--- START ---
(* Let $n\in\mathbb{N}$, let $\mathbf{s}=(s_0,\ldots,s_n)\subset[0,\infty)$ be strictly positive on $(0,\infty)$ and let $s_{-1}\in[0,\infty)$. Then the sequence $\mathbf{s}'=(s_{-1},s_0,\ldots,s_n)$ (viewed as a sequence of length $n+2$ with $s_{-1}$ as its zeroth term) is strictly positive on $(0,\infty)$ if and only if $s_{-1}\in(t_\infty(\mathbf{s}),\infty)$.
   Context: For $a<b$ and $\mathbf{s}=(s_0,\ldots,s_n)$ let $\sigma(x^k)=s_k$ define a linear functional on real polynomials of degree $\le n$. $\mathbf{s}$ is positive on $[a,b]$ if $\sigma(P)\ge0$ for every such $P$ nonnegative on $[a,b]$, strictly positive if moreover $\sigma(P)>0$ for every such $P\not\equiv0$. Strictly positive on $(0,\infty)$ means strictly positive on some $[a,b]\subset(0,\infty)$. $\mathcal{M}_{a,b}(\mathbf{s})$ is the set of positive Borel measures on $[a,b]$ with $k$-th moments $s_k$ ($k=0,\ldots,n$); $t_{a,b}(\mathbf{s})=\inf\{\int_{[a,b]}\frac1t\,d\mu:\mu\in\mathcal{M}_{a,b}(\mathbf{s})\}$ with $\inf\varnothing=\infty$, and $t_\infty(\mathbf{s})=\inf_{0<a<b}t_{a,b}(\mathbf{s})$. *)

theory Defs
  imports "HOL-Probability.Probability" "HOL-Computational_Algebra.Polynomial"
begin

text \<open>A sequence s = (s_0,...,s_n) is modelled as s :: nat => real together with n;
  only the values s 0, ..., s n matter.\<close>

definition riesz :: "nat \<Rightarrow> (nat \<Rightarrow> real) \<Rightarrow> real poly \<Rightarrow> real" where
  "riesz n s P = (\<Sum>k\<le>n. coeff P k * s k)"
--- END ---
--- START ---
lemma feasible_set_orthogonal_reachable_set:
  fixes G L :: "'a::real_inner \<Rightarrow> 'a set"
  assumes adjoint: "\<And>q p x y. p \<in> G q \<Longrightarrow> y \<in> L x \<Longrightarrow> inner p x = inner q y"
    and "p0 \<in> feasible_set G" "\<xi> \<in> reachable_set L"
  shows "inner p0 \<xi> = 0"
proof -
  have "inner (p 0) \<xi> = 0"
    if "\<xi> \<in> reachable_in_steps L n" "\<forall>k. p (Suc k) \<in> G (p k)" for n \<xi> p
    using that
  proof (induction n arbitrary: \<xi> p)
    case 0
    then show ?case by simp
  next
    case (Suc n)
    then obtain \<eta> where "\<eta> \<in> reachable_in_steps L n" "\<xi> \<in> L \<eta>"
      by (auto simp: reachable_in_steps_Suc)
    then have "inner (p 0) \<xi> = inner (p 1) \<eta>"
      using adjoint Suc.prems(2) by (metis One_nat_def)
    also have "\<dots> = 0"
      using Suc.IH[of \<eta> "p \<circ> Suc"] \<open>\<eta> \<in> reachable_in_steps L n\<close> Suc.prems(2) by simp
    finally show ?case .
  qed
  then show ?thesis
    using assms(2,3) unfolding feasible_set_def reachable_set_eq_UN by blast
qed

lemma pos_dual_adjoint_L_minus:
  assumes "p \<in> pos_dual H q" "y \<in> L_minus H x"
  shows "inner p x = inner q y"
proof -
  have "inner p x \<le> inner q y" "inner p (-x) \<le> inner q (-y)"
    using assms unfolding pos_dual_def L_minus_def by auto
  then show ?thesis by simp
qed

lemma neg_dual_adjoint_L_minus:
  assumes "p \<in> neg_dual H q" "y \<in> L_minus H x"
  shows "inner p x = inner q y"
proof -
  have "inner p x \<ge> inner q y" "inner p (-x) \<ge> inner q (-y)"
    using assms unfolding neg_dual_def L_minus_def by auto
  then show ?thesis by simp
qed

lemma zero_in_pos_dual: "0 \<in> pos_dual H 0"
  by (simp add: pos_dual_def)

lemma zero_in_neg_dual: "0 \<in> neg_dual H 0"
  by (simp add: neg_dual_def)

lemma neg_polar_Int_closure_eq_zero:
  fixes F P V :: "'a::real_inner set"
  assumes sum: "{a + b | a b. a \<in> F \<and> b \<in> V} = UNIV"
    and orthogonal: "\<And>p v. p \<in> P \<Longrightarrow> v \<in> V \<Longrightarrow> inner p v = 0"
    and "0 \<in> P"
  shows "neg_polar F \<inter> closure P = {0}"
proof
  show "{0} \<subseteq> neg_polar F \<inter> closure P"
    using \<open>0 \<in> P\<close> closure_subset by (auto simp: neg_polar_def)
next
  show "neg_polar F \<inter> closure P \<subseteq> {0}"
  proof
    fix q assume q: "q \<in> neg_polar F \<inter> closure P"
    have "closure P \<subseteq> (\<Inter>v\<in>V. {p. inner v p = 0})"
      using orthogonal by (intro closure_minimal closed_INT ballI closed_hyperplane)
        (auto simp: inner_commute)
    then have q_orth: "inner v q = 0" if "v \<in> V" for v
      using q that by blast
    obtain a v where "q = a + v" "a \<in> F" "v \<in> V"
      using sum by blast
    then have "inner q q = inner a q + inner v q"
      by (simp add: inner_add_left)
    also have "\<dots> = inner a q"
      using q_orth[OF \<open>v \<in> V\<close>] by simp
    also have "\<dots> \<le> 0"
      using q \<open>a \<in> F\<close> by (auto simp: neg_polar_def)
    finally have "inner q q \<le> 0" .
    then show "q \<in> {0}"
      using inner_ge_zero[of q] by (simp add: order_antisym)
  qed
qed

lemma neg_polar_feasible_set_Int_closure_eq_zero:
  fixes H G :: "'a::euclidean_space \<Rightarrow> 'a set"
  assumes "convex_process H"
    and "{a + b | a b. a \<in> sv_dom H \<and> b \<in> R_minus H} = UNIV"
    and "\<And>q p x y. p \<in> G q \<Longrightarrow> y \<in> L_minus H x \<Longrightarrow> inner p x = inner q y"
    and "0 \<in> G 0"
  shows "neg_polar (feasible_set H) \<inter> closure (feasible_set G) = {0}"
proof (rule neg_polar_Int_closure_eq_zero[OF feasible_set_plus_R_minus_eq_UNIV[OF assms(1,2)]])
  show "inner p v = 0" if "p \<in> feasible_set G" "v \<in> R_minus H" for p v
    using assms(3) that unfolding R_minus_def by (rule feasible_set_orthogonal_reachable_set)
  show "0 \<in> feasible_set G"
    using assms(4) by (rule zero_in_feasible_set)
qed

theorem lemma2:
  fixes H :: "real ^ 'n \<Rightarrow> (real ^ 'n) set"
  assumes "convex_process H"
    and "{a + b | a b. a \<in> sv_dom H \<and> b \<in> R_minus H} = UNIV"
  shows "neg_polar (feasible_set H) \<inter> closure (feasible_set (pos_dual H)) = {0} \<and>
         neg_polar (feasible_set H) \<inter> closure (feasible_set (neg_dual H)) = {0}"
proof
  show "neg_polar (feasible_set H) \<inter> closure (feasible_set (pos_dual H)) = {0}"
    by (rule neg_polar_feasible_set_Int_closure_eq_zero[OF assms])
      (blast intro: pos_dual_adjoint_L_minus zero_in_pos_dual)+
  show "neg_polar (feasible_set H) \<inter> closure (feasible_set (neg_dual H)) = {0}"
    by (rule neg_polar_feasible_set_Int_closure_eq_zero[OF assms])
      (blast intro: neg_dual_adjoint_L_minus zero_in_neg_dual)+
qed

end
--- END ---
--- START ---
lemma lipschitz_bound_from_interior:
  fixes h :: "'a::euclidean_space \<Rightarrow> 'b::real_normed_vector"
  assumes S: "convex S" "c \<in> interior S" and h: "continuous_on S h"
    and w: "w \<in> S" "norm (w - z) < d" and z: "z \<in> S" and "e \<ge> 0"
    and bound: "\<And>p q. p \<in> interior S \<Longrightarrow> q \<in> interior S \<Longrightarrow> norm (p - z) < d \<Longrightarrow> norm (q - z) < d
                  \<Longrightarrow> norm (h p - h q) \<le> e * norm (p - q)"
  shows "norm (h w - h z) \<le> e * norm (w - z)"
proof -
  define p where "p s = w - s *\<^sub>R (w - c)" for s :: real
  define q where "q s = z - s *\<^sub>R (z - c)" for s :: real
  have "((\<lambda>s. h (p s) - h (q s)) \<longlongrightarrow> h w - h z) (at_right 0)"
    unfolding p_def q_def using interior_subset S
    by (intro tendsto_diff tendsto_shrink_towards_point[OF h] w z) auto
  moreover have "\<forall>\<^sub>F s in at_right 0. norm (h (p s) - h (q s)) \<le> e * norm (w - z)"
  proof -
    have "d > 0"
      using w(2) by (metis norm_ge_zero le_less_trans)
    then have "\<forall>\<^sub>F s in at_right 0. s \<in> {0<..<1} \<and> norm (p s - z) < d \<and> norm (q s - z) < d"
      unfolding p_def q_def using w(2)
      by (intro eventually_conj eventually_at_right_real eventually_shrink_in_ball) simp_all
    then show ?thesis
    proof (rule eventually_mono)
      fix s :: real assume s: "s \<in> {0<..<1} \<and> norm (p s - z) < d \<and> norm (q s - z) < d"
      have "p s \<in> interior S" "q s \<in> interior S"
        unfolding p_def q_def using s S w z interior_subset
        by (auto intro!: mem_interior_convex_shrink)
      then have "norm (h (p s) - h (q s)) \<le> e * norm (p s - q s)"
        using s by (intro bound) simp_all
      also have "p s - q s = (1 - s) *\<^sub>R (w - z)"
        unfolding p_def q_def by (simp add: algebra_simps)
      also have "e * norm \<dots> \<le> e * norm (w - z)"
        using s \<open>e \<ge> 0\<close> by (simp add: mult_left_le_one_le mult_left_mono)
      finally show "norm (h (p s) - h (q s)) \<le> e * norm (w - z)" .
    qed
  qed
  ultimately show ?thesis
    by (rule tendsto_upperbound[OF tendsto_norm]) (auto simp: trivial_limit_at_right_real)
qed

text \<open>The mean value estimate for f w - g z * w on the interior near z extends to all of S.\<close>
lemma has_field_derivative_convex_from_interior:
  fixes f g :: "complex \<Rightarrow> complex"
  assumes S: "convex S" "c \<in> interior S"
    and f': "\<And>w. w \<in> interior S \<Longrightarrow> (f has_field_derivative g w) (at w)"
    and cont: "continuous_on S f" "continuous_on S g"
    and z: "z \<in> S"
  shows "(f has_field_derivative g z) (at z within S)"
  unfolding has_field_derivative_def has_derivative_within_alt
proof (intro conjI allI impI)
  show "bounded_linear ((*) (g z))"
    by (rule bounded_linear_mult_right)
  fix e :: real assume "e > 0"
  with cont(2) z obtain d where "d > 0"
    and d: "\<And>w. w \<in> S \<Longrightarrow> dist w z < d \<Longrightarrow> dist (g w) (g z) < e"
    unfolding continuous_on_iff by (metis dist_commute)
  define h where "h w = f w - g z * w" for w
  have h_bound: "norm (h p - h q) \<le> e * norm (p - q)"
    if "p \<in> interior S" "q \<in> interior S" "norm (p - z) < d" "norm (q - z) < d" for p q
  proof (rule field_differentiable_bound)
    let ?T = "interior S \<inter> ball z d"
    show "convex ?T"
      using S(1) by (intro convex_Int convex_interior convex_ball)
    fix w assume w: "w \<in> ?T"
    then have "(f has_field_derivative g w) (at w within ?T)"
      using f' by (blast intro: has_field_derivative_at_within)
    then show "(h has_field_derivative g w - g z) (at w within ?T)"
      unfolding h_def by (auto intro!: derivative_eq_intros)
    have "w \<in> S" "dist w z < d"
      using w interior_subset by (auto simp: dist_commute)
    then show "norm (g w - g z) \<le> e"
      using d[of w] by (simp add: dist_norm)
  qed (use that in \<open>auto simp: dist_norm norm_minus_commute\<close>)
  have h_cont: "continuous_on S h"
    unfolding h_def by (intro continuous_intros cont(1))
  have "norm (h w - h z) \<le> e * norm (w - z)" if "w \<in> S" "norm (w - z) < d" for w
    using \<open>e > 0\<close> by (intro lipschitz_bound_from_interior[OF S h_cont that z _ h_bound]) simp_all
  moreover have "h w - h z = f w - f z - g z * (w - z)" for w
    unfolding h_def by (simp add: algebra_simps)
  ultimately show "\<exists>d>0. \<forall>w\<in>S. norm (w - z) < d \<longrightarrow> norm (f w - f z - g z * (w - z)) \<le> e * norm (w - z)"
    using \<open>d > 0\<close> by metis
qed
--- END ---
§ **Problem**
Go through the listing above. Show each line where the word "subseteq" is found.

§ **Written solution**
  show "{0} \<subseteq> neg_polar F \<inter> closure P"
  show "neg_polar F \<inter> closure P \<subseteq> {0}"
    have "closure P \<subseteq> (\<Inter>v\<in>V. {p. inner v p = 0})"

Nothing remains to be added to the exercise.